Top of Supplied records

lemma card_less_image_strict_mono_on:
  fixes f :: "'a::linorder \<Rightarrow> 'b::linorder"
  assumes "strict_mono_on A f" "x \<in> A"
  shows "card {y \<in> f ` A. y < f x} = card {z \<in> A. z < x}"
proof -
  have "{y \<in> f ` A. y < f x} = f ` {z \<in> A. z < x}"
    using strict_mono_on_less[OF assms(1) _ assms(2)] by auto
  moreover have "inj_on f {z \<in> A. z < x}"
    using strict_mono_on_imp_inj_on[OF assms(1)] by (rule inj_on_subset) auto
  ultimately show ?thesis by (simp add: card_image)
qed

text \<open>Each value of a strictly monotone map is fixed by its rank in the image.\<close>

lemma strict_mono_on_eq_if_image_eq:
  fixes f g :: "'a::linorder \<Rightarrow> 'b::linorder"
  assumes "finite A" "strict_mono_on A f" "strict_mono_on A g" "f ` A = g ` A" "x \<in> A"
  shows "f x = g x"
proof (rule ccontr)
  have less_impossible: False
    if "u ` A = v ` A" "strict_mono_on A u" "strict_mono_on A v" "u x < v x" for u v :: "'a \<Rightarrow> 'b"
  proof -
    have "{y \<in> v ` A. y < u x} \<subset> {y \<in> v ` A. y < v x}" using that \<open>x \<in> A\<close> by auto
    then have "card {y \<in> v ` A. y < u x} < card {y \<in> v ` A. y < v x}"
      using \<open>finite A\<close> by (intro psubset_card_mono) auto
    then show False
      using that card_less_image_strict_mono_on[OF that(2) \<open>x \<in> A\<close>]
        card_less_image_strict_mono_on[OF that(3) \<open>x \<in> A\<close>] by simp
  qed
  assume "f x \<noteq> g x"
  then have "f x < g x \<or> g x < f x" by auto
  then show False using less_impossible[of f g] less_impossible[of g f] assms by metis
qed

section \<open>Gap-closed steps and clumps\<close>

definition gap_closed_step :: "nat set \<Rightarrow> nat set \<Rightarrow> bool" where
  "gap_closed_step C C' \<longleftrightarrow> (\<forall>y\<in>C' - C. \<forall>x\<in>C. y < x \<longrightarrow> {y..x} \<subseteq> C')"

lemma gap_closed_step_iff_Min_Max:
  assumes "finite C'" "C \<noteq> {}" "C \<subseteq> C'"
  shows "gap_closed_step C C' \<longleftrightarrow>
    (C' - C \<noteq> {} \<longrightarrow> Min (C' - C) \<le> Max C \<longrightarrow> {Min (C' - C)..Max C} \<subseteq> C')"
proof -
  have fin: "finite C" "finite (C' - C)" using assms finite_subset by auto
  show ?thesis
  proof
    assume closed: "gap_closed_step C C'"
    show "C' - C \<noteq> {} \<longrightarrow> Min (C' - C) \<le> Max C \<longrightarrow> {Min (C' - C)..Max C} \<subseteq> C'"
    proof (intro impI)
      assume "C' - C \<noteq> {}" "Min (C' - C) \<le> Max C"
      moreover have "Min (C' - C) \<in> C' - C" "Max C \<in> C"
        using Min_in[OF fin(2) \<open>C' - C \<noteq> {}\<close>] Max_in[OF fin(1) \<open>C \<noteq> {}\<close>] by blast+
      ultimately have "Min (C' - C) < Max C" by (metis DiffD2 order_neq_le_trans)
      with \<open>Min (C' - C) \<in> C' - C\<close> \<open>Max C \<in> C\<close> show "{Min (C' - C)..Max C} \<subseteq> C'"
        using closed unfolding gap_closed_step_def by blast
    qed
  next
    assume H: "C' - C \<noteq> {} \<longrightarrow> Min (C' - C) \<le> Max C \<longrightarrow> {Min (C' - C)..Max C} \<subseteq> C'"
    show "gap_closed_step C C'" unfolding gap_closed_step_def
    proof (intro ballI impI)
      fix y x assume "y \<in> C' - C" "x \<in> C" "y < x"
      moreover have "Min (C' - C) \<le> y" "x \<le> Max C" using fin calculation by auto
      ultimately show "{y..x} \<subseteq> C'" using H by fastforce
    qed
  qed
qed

Bottom of Supplied records

> [Work order]:
Pull each line containing the word "False" out of the data above.

> [Answer space]:
  have less_impossible: False
    then show False
  then show False using less_impossible[of f g] less_impossible[of g f] assms by metis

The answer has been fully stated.